Great! Keep in mind as the README.md says, the tooling is in beta.
Some parts are quite solid, others work but are not optimized
(lack of deltas, see https://bugzilla.gnome.org/show_bug.cgi?id=721799 )
and finally the integration with the rest of the ecosystem is still ongoing (Anaconda, Pulp, etc.)
But I think Fedora 22 should see that sort of thing flesh out significantly.
> It would be nice if one of the pieces
> produced from a tree compose was a text file with what RPM's are in
> that image.
I'm a bit confused; given how easy it is to extract the RPM database,
what would be the value in creating a text file separately? This is just:
# rpm-ostree compose --repo=repo tree --save-rpm-list=somerpmlist.txt sometreefile.json
Versus:
# rpm-ostree compose --repo=repo tree sometreefile.json
# rpm-ostree db --repo=repo list sometreefile.json > somerpmlist.txt
The advantages to having the RPM database in the commit itself are:
- The content description is always bound tightly with the commit; they
can't get separated or lost. They're an immutable pair capturing a state.
- We need to ship it to the client anyways, so it has to be in the tree
Also with the "list" command it'd be easy to influence the output. For
example, I already have a bug request to have a format that has the epoch,
even if it's 0:, since it's easy to diff then.
> It would also be useful (read: required - some software is very poorly
> behaved wrt expecting a writable /usr) to specify some additional
> writable directories - how are the symlinks created?
The first question is; does this app need to run directly on the host, or
can it be run in a container? That maximizes flexibility in several ways.
If you want to store data to a host-mounted filesystem, you can use
bind mounts.
Say the app is hardcoded to write to /myapp, you can make /mnt/nfs/myapp a NFS (or whatever) mount, then:
# docker run -v /mnt/nfs/myapp:/myapp myapp ...
If you can not for some reason use a container, then:
Currently the rpm-ostree layout is hardcoded for the FHS directories like /srv, /mnt, /opt, etc. These all link into /var.
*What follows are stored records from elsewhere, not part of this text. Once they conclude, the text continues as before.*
(* For every $D\in\mathrm{SL}(d+1,\mathbb R)\setminus\mathrm{SO}(d+1)$ there exist $n>0$, $R_0,R_1,\dots,R_n\in\mathrm{SO}(d+1)$ and $\alpha_1,\dots,\alpha_n\in\{-1,+1\}$ such that $$R_0D^{\alpha_1}R_1D^{\alpha_2}R_2\cdots R_{n-1}D^{\alpha_n}R_n=\mathrm{diag}(r_1,\dots,r_{d+1})$$ with $0<r_{d+1}<\min_{1\le i\le d}r_i$ and $\max_{1<i\le d}r_i^d<r_1\cdots r_d$. *)

theory Defs
  imports "Jordan_Normal_Form.Determinant"
begin

text \<open>Real (d+1)x(d+1) matrices; indices are 0-based in JNF.\<close>

definition SL_mat :: "nat \<Rightarrow> real mat set" where
  "SL_mat m = {A \<in> carrier_mat m m. det A = 1}"

definition SO_mat :: "nat \<Rightarrow> real mat set" where
  "SO_mat m = {A \<in> carrier_mat m m. transpose_mat A * A = 1\<^sub>m m \<and> det A = 1}"

definition mat_inv :: "nat \<Rightarrow> real mat \<Rightarrow> real mat" where
  "mat_inv m A = (SOME B. B \<in> carrier_mat m m \<and> A * B = 1\<^sub>m m \<and> B * A = 1\<^sub>m m)"

definition mat_pm_pow :: "nat \<Rightarrow> real mat \<Rightarrow> int \<Rightarrow> real mat" where
  "mat_pm_pow m D a = (if a = 1 then D else mat_inv m D)"

fun word_prod :: "nat \<Rightarrow> real mat \<Rightarrow> (nat \<Rightarrow> real mat) \<Rightarrow> (nat \<Rightarrow> int) \<Rightarrow> nat \<Rightarrow> real mat" where
  "word_prod m D R a 0 = R 0"
| "word_prod m D R a (Suc k) = word_prod m D R a k * mat_pm_pow m D (a (Suc k)) * R (Suc k)"

end

theory Submission
  imports Defs "Jordan_Normal_Form.Char_Poly"
begin

text \<open>Write \<open>D = U\<^sup>T S V\<^sup>T\<close> with \<open>U, V \<in> SO(d+1)\<close> and \<open>S = diag(s)\<close> positive (singular
  value decomposition; rotations suffice because \<open>det D > 0\<close>). Since \<open>D \<notin> SO(d+1)\<close> the
  \<open>s\<^sub>i\<close> are not all equal, and conjugating \<open>S\<close> by a permutation we may assume
  \<open>s\<^sub>1 > s\<^sub>d\<^sub>+\<^sub>1\<close>. If \<open>P\<close> is a rotation exchanging the first and last coordinate axes,
  then \<open>U D (V P\<^sup>T V\<^sup>T) D\<^sup>-\<^sup>1 (U\<^sup>T P) = S P\<^sup>T S\<^sup>-\<^sup>1 P = diag(s\<^sub>1/s\<^sub>d\<^sub>+\<^sub>1, 1, \<dots>, 1, s\<^sub>d\<^sub>+\<^sub>1/s\<^sub>1)\<close>,
  which satisfies all the required inequalities.\<close>

section \<open>Orthogonal matrices\<close>

definition O_mat :: "nat \<Rightarrow> real mat set" where
  "O_mat n = {A \<in> carrier_mat n n. transpose_mat A * A = 1\<^sub>m n}"

lemma SO_mat_iff: "A \<in> SO_mat n \<longleftrightarrow> A \<in> O_mat n \<and> det A = 1"
  unfolding SO_mat_def O_mat_def by auto

lemma O_mat_carrier: "A \<in> O_mat n \<Longrightarrow> A \<in> carrier_mat n n"
  unfolding O_mat_def by auto

lemma O_mat_left_inverse: "A \<in> O_mat n \<Longrightarrow> transpose_mat A * A = 1\<^sub>m n"
  unfolding O_mat_def by auto

lemma O_mat_right_inverse: "A \<in> O_mat n \<Longrightarrow> A * transpose_mat A = 1\<^sub>m n"
  using mat_mult_left_right_inverse[of "transpose_mat A" n A] unfolding O_mat_def by auto

lemma O_mat_transpose: "A \<in> O_mat n \<Longrightarrow> transpose_mat A \<in> O_mat n"
  using O_mat_right_inverse unfolding O_mat_def by auto

lemma O_mat_mult:
  assumes A: "A \<in> O_mat n" and B: "B \<in> O_mat n"
  shows "A * B \<in> O_mat n"
proof -
  have Ac: "A \<in> carrier_mat n n" and Bc: "B \<in> carrier_mat n n"
    using A B by (auto simp: O_mat_def)
  have "transpose_mat (A * B) * (A * B) = transpose_mat B * (transpose_mat A * A) * B"
    using Ac Bc by (simp add: transpose_mult[of A n n B n] assoc_mult_mat[of _ n n _ n _ n])
  also have "\<dots> = 1\<^sub>m n"
    using Bc by (simp add: O_mat_left_inverse[OF A] O_mat_left_inverse[OF B])
  finally show ?thesis using Ac Bc unfolding O_mat_def by simp
qed

lemma O_mat_det: assumes "A \<in> O_mat n" shows "det A = 1 \<or> det A = -1"
proof -
  have A: "A \<in> carrier_mat n n" using assms by (rule O_mat_carrier)
  have "det A * det A = det (transpose_mat A * A)"
    using A by (simp add: det_mult[of _ n] det_transpose)
  also have "\<dots> = 1" using assms by (simp add: O_mat_def)
  finally show ?thesis by (metis square_eq_1_iff power2_eq_square)
qed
Again if this application write somewhere outside of those, then
the way I would do this is to make an RPM that contains solely:
/myapp
as an empty directory.
Then add to your /etc/fstab:
/var/local/myapp /myapp none bind 0 0
I know this might seem awkward at first, but the value is
that you know where *all* of the system local state is; it's in /var and /etc. Period.
It's easy to back up.
You know that rpm-ostree will never touch /var, so rollbacks will never roll back
your data. This is in contrast to other programs that operate at the filesystem/block
level and thus tend to blend together the OS/data. (Which in some cases makes
sense, it'd be quite possible to create a tool that combines ostree+[backup solution]).
> What tells it
> what to create and how to create them?
Basically, the RPMs. There is some built-in postprocessing for some content
in /var. If you really *really* need it, I added a "postprocess-script", but I
would think of this as a last resort.
> Also, pretend I mounted a NFS
> share (or block device, or whatever - just something that is not the
> OS and is designed for storage of data) at /blah - would I be able to
> write to /blah? (I haven't quite tried this yet)
Per above I think containerizing gives you a lot of app flexibility. But
if you do need to do the host, then the bind mount solution should
work. Let me know if it does!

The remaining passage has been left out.